§ **MATERIAL FOR THE TASK**

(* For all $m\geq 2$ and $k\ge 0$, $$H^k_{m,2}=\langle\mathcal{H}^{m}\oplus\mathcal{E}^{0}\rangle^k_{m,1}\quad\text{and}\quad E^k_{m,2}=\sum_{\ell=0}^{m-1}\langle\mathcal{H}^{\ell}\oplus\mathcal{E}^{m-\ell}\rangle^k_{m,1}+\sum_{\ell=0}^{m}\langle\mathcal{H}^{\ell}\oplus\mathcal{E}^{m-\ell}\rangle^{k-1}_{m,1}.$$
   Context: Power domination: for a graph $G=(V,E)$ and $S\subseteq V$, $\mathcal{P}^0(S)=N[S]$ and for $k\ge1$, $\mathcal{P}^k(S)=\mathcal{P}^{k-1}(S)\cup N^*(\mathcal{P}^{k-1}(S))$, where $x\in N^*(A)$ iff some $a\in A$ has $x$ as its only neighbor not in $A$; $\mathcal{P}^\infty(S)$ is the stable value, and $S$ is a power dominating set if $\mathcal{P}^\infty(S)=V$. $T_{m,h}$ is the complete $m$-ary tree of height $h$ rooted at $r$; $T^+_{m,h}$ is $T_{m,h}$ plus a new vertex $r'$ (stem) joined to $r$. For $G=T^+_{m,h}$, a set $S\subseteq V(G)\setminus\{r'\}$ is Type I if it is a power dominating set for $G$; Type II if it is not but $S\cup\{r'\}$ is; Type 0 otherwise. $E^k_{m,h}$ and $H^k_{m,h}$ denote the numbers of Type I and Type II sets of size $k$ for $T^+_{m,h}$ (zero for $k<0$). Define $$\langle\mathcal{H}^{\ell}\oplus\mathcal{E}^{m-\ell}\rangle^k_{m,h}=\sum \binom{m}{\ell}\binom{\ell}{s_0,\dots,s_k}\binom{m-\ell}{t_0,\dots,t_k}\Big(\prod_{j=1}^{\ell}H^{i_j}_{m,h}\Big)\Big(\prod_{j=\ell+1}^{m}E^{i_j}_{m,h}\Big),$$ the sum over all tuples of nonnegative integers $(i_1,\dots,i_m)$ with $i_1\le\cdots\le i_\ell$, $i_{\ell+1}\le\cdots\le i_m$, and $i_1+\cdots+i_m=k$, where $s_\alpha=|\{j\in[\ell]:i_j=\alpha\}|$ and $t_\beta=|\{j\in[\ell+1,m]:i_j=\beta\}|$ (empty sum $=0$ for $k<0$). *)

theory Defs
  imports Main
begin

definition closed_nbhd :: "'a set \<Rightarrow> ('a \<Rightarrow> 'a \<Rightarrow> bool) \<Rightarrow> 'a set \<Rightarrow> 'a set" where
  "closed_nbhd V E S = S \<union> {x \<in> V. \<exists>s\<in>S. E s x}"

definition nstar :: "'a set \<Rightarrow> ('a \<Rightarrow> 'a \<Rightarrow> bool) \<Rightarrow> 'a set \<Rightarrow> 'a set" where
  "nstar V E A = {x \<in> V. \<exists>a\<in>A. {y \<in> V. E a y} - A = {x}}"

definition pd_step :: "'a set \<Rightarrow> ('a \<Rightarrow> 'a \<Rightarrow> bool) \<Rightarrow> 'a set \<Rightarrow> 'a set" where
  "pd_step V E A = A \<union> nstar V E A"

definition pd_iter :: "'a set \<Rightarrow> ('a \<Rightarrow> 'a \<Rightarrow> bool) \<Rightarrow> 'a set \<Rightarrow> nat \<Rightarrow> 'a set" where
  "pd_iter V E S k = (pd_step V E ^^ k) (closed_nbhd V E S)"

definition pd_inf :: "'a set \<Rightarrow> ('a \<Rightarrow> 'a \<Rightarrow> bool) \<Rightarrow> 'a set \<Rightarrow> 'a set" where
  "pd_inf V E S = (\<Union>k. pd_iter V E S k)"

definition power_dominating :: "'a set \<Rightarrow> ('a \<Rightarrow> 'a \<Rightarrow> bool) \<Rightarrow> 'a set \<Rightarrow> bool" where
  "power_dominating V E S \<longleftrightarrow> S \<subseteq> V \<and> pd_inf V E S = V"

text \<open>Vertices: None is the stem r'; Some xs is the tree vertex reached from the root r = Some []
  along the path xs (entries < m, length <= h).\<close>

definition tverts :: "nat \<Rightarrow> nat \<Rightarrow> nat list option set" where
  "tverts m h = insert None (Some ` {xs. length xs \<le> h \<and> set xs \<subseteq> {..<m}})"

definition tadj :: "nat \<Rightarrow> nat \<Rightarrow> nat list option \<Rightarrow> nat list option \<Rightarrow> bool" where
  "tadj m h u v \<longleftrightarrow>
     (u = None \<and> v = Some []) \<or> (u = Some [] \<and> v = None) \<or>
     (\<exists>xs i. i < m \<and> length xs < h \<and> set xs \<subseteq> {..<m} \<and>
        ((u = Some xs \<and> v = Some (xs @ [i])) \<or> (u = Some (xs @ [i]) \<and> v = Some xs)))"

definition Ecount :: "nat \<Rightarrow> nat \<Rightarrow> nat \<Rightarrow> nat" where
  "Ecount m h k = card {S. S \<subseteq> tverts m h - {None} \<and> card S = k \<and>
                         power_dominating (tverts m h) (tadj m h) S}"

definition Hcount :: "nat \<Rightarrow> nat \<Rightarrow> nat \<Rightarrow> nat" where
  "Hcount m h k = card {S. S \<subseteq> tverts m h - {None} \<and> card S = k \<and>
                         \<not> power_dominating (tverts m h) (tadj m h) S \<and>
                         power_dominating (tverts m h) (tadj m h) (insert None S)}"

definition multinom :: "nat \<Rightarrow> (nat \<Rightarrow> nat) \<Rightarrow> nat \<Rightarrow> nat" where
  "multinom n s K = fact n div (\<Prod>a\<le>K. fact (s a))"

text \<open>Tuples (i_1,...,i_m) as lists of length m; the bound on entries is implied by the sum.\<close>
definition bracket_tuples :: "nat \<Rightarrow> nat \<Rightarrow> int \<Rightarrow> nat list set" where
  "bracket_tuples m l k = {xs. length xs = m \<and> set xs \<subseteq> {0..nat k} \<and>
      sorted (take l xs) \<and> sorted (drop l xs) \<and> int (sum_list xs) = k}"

* * *

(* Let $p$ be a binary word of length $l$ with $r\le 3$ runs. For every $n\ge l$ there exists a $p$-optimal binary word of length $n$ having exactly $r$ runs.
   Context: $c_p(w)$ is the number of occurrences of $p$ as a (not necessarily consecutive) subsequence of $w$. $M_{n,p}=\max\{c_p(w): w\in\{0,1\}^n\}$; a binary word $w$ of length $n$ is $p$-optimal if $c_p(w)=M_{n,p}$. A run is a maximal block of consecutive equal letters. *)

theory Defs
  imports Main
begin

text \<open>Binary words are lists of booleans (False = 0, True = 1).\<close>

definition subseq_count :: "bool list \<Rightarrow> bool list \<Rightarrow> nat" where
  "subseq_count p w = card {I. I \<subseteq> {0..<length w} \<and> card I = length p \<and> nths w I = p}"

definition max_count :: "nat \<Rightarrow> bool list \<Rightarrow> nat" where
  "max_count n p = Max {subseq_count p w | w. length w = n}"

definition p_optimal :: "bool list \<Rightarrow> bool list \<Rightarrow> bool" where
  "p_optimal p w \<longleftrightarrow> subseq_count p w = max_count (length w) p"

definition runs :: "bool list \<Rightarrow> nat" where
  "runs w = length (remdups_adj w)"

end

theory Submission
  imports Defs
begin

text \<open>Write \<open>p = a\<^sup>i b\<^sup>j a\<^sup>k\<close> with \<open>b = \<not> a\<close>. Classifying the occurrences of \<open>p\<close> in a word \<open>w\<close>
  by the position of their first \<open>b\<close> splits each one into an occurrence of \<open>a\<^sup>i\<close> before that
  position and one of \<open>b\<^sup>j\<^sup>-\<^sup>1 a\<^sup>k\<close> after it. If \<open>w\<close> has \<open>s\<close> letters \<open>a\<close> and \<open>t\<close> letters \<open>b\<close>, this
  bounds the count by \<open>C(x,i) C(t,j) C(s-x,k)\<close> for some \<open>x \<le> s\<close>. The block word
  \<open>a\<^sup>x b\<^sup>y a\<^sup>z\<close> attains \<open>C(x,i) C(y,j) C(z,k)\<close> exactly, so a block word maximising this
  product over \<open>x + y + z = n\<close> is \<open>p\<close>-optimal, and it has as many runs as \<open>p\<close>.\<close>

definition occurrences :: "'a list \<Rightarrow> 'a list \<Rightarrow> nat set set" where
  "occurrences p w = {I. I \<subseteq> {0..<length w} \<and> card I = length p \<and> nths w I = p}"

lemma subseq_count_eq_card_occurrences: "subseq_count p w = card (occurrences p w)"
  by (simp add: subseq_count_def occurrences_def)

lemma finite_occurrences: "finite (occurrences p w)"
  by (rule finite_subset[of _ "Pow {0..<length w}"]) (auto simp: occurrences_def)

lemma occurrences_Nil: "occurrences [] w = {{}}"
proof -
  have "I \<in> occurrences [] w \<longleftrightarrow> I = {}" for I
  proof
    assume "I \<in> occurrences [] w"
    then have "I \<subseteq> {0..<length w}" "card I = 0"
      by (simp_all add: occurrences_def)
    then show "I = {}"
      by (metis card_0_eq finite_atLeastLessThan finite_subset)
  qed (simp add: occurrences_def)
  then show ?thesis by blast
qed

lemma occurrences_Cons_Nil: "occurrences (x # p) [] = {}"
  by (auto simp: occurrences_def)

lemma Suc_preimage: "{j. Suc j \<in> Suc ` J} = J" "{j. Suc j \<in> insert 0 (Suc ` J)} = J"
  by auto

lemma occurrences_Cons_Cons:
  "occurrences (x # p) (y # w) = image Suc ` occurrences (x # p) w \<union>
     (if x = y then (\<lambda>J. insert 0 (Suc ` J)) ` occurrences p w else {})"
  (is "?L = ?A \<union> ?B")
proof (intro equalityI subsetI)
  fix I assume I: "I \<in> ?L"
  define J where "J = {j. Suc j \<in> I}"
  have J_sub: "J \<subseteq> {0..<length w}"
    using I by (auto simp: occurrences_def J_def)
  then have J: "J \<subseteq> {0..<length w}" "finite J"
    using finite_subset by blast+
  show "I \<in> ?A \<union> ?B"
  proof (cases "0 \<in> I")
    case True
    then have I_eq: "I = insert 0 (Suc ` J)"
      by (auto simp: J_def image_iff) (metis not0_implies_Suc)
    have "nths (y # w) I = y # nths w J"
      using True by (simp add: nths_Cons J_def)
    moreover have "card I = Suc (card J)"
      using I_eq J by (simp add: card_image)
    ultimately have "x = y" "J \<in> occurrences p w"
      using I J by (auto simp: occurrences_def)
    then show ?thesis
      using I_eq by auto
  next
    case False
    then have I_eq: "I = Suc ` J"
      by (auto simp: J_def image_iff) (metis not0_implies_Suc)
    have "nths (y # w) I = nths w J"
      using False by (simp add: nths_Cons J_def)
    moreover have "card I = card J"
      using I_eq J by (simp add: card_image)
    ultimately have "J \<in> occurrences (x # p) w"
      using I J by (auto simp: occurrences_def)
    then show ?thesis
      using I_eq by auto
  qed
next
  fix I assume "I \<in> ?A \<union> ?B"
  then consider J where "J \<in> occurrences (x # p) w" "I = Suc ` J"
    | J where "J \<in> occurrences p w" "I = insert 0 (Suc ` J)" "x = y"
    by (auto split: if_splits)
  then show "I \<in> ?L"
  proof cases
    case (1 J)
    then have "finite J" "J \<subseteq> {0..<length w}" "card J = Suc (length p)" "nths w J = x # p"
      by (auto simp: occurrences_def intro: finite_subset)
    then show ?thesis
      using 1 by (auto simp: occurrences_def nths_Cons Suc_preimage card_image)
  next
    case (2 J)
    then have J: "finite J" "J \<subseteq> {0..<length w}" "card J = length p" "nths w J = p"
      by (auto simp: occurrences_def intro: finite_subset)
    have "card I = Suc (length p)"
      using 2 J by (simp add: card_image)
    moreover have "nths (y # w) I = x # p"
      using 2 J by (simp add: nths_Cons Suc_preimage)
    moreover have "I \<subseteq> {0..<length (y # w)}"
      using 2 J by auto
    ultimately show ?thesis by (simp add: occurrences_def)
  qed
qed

§ **REQUIRED ACTION**
Show the lines of the material that contain the word "runs".

§ **SOLVED EXERCISE**
(* Let $p$ be a binary word of length $l$ with $r\le 3$ runs. For every $n\ge l$ there exists a $p$-optimal binary word of length $n$ having exactly $r$ runs.
definition runs :: "bool list \<Rightarrow> nat" where
  "runs w = length (remdups_adj w)"
  product over \<open>x + y + z = n\<close> is \<open>p\<close>-optimal, and it has as many runs as \<open>p\<close>.\<close>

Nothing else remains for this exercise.